Your objective
Your answer should consist of every line from the records that holds the string "assumes".

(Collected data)
(* Let $r$ be a positive integer or $\infty$. Suppose $(A,B)$ is a partition of the vertex set of a graph $G$ such that the relation $\equiv_{(A,B)}$ has $k$ equivalence classes. If $G[A]$ and $G[B]$ each have a weak $r$-guidance system of maximum outdegree at most $c$, then $G$ has a weak $r$-guidance system of maximum outdegree at most $c+k$.
   Context: All graphs are finite, simple and undirected. For a partition $(A,B)$ of $V(G)$, $u\equiv_{(A,B)}v$ means that either $u,v\in A$ and $u,v$ have the same neighbors in $B$, or $u,v\in B$ and $u,v$ have the same neighbors in $A$. A partial orientation of $G$ is a directed graph $\vec{H}$ on $V(G)$ with every $(u,v)\in E(\vec{H})$ satisfying $uv\in E(G)$. $B_{\vec{H}}(v,a)$ is the set of vertices reachable from $v$ by a directed path of length at most $a$. For a positive integer $r$, a weak $r$-guidance system is a partial orientation $\vec{H}$ such that for any distinct $u,v$ at distance $\ell\le r$ in $G$ there exist non-negative integers $a,b$ with $a+b=\ell-1$ such that $G$ has an edge between $B_{\vec{H}}(u,a)$ and $B_{\vec{H}}(v,b)$; a weak $\infty$-guidance system is a partial orientation that is a weak $r$-guidance system for every positive integer $r$. *)

theory Defs
  imports Main "HOL-Library.Extended_Nat"
begin

definition graph :: "'a set \<Rightarrow> ('a \<times> 'a) set \<Rightarrow> bool" where
  "graph V E \<longleftrightarrow> finite V \<and> E \<subseteq> V \<times> V \<and> sym E \<and> irrefl E"

definition induced :: "('a \<times> 'a) set \<Rightarrow> 'a set \<Rightarrow> ('a \<times> 'a) set" where
  "induced E A = E \<inter> (A \<times> A)"

definition gdist :: "('a \<times> 'a) set \<Rightarrow> 'a \<Rightarrow> 'a \<Rightarrow> nat \<Rightarrow> bool" where
  "gdist E u v l \<longleftrightarrow> (u, v) \<in> E ^^ l \<and> (\<forall>m<l. (u, v) \<notin> E ^^ m)"

definition partial_orientation :: "'a set \<Rightarrow> ('a \<times> 'a) set \<Rightarrow> ('a \<times> 'a) set \<Rightarrow> bool" where
  "partial_orientation V E H \<longleftrightarrow> H \<subseteq> E"

definition out_ball :: "('a \<times> 'a) set \<Rightarrow> 'a \<Rightarrow> nat \<Rightarrow> 'a set" where
  "out_ball H v a = {w. \<exists>i\<le>a. (v, w) \<in> H ^^ i}"

definition weak_guidance :: "'a set \<Rightarrow> ('a \<times> 'a) set \<Rightarrow> nat \<Rightarrow> ('a \<times> 'a) set \<Rightarrow> bool" where
  "weak_guidance V E r H \<longleftrightarrow> partial_orientation V E H \<and>
     (\<forall>u\<in>V. \<forall>v\<in>V. \<forall>l. u \<noteq> v \<and> gdist E u v l \<and> l \<le> r \<longrightarrow>
        (\<exists>a b. a + b = l - 1 \<and>
           (\<exists>x\<in>out_ball H u a. \<exists>y\<in>out_ball H v b. (x, y) \<in> E)))"

definition weak_guidance_enat :: "'a set \<Rightarrow> ('a \<times> 'a) set \<Rightarrow> enat \<Rightarrow> ('a \<times> 'a) set \<Rightarrow> bool" where
  "weak_guidance_enat V E r H = (case r of enat n \<Rightarrow> weak_guidance V E n H
                                  | \<infinity> \<Rightarrow> (\<forall>n\<ge>1. weak_guidance V E n H))"

definition max_outdeg_le :: "'a set \<Rightarrow> ('a \<times> 'a) set \<Rightarrow> nat \<Rightarrow> bool" where
  "max_outdeg_le V H c \<longleftrightarrow> (\<forall>v\<in>V. card {w. (v, w) \<in> H} \<le> c)"

definition equiv_AB :: "('a \<times> 'a) set \<Rightarrow> 'a set \<Rightarrow> 'a set \<Rightarrow> 'a \<Rightarrow> 'a \<Rightarrow> bool" where
  "equiv_AB E A B u v \<longleftrightarrow>
     (u \<in> A \<and> v \<in> A \<and> {w\<in>B. (u, w) \<in> E} = {w\<in>B. (v, w) \<in> E}) \<or>
     (u \<in> B \<and> v \<in> B \<and> {w\<in>A. (u, w) \<in> E} = {w\<in>A. (v, w) \<in> E})"
lemma open_map_map_prod:
  assumes f: "open_map X Y f" and g: "open_map X' Y' g"
  shows "open_map (prod_topology X X') (prod_topology Y Y') (map_prod f g)"
  unfolding open_map_def openin_prod_topology_alt
proof (intro allI impI)
  fix W a b
  assume W: "\<forall>x y. (x, y) \<in> W \<longrightarrow> (\<exists>U V. openin X U \<and> openin X' V \<and> x \<in> U \<and> y \<in> V \<and> U \<times> V \<subseteq> W)"
    and ab: "(a, b) \<in> map_prod f g ` W"
  from ab obtain x y where xy: "(x, y) \<in> W" "a = f x" "b = g y" by force
  with W obtain U V where UV: "openin X U" "openin X' V" "x \<in> U" "y \<in> V" "U \<times> V \<subseteq> W"
    by meson
  have "f ` U \<times> g ` V = map_prod f g ` (U \<times> V)"
    by (simp add: map_prod_surj_on)
  also have "\<dots> \<subseteq> map_prod f g ` W"
    using UV(5) by (rule image_mono)
  finally have "f ` U \<times> g ` V \<subseteq> map_prod f g ` W" .
  moreover have "openin Y (f ` U)" "openin Y' (g ` V)"
    using f g UV(1,2) by (simp_all add: open_map_def)
  ultimately show "\<exists>U V. openin Y U \<and> openin Y' V \<and> a \<in> U \<and> b \<in> V \<and> U \<times> V \<subseteq> map_prod f g ` W"
    using UV(3,4) xy(2,3) by blast
qed

lemma open_map_fst_fibre_product:
  assumes g: "continuous_map Y Z g" and p: "open_map W Z p"
  shows "open_map (subtopology (prod_topology Y W) {(y, w). g y = p w}) Y fst"
  unfolding open_map_def
proof (intro allI impI)
  fix P assume "openin (subtopology (prod_topology Y W) {(y, w). g y = p w}) P"
  then obtain Ob where Ob: "openin (prod_topology Y W) Ob" and P: "P = Ob \<inter> {(y, w). g y = p w}"
    by (auto simp: openin_subtopology)
  show "openin Y (fst ` P)"
    unfolding openin_subopen[of Y "fst ` P"]
  proof
    fix y assume "y \<in> fst ` P"
    then obtain w where yw: "(y, w) \<in> Ob" "g y = p w" using P by force
    with Ob obtain U V where UV: "openin Y U" "openin W V" "y \<in> U" "w \<in> V" "U \<times> V \<subseteq> Ob"
      unfolding openin_prod_topology_alt by meson
    define N where "N = {x \<in> U. g x \<in> p ` V}"
    have "openin Z (p ` V)" using p UV(2) by (simp add: open_map_def)
    then have "openin Y {x \<in> topspace Y. g x \<in> p ` V}"
      by (rule openin_continuous_map_preimage[OF g])
    moreover have "N = U \<inter> {x \<in> topspace Y. g x \<in> p ` V}"
      using openin_subset[OF UV(1)] unfolding N_def by blast
    ultimately have "openin Y N" using UV(1) by (simp add: openin_Int)
    moreover have "y \<in> N" unfolding N_def using UV(3,4) yw(2) by blast
    moreover have "N \<subseteq> fst ` P"
    proof
      fix x assume "x \<in> N"
      then obtain v where "x \<in> U" "v \<in> V" "g x = p v" unfolding N_def by blast
      then have "(x, v) \<in> P" using UV(5) P by blast
      then show "x \<in> fst ` P" by force
    qed
    ultimately show "\<exists>N. openin Y N \<and> y \<in> N \<and> N \<subseteq> fst ` P" by blast
  qed
qed

lemma open_map_descend:
  assumes q: "continuous_map X Y q" "q ` topspace X = topspace Y"
    and h: "open_map X Z h" and fq: "\<And>x. x \<in> topspace X \<Longrightarrow> f (q x) = h x"
  shows "open_map Y Z f"
  unfolding open_map_def
proof (intro allI impI)
  fix W assume W: "openin Y W"
  have "f ` W = h ` {x \<in> topspace X. q x \<in> W}"
  proof
    show "f ` W \<subseteq> h ` {x \<in> topspace X. q x \<in> W}"
    proof
      fix z assume "z \<in> f ` W"
      then obtain w where w: "w \<in> W" "z = f w" by blast
      moreover obtain x where "x \<in> topspace X" "w = q x"
        using w(1) openin_subset[OF W] q(2) by blast
      ultimately show "z \<in> h ` {x \<in> topspace X. q x \<in> W}" using fq by blast
    qed
    show "h ` {x \<in> topspace X. q x \<in> W} \<subseteq> f ` W" using fq by force
  qed
  moreover have "openin X {x \<in> topspace X. q x \<in> W}"
    using q(1) W by (rule openin_continuous_map_preimage)
  ultimately show "openin Z (f ` W)" using h by (simp add: open_map_def)
qed

lemma quotient_map_restriction_of_open_map:
  assumes "continuous_map X Y q" "open_map X Y q" "q ` topspace X = topspace Y"
  shows "quotient_map (subtopology X {x \<in> topspace X. q x \<in> S}) (subtopology Y S) q"
proof (rule continuous_open_imp_quotient_map)
  show "continuous_map (subtopology X {x \<in> topspace X. q x \<in> S}) (subtopology Y S) q"
    using assms(1) by (auto simp: continuous_map_in_subtopology intro: continuous_map_from_subtopology)
  show "open_map (subtopology X {x \<in> topspace X. q x \<in> S}) (subtopology Y S) q"
    using assms(2) by (rule open_map_restriction) simp
  show "q ` topspace (subtopology X {x \<in> topspace X. q x \<in> S}) = topspace (subtopology Y S)"
    using assms(3) by auto
qed
theorem mainTheorem1:
  fixes mH :: "'h \<Rightarrow> 'h \<Rightarrow> ('h \<Rightarrow>\<^sub>0 'k::field)" and uH :: "'h \<Rightarrow>\<^sub>0 'k"
    and D :: "'h \<Rightarrow> ('h \<times> 'h \<Rightarrow>\<^sub>0 'k)" and e :: "'h \<Rightarrow> 'k"
    and Phi Phii :: "'h \<times> 'h \<times> 'h \<Rightarrow>\<^sub>0 'k"
    and la :: "'h \<Rightarrow> 'a \<Rightarrow> ('a \<Rightarrow>\<^sub>0 'k)" and ra :: "'a \<Rightarrow> 'h \<Rightarrow> ('a \<Rightarrow>\<^sub>0 'k)"
    and mA :: "'a \<Rightarrow> 'a \<Rightarrow> ('a \<Rightarrow>\<^sub>0 'k)" and uA :: "'a \<Rightarrow>\<^sub>0 'k"
    and mU :: "'u \<Rightarrow> 'u \<Rightarrow> ('u \<Rightarrow>\<^sub>0 'k)" and uU :: "'u \<Rightarrow>\<^sub>0 'k"
    and lam :: "'u \<Rightarrow> ('h \<times> 'u \<Rightarrow>\<^sub>0 'k)" and rho :: "'u \<Rightarrow> ('u \<times> 'h \<Rightarrow>\<^sub>0 'k)"
    and Pl Pli :: "'h \<times> 'h \<times> 'u \<Rightarrow>\<^sub>0 'k"
    and Pr Pri :: "'u \<times> 'h \<times> 'h \<Rightarrow>\<^sub>0 'k"
    and Plr Plri :: "'h \<times> 'u \<times> 'h \<Rightarrow>\<^sub>0 'k"
  assumes "quasi_bialgebra mH uH D e Phi Phii"
    and "bimodule_algebra mH uH D e Phi Phii la ra mA uA"
    and "bicomodule_algebra mH uH D e Phi mU uU lam rho Pl Pli Pr Pri Plr Plri"
  shows "assoc_alg (smash_mult mH mU la ra mA lam rho Pli Plri Pri) (tens uA uU)"
proof -
  interpret lr_smash mH uH D e Phi Phii la ra mA uA mU uU lam rho Pl Pli Pr Pri Plr Plri
    using assms by unfold_locales
  show ?thesis
    by (rule assoc_alg_SM)
qed

end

Reply
  assumes f: "open_map X Y f" and g: "open_map X' Y' g"
  assumes g: "continuous_map Y Z g" and p: "open_map W Z p"
  assumes q: "continuous_map X Y q" "q ` topspace X = topspace Y"
  assumes "continuous_map X Y q" "open_map X Y q" "q ` topspace X = topspace Y"
  assumes "quasi_bialgebra mH uH D e Phi Phii"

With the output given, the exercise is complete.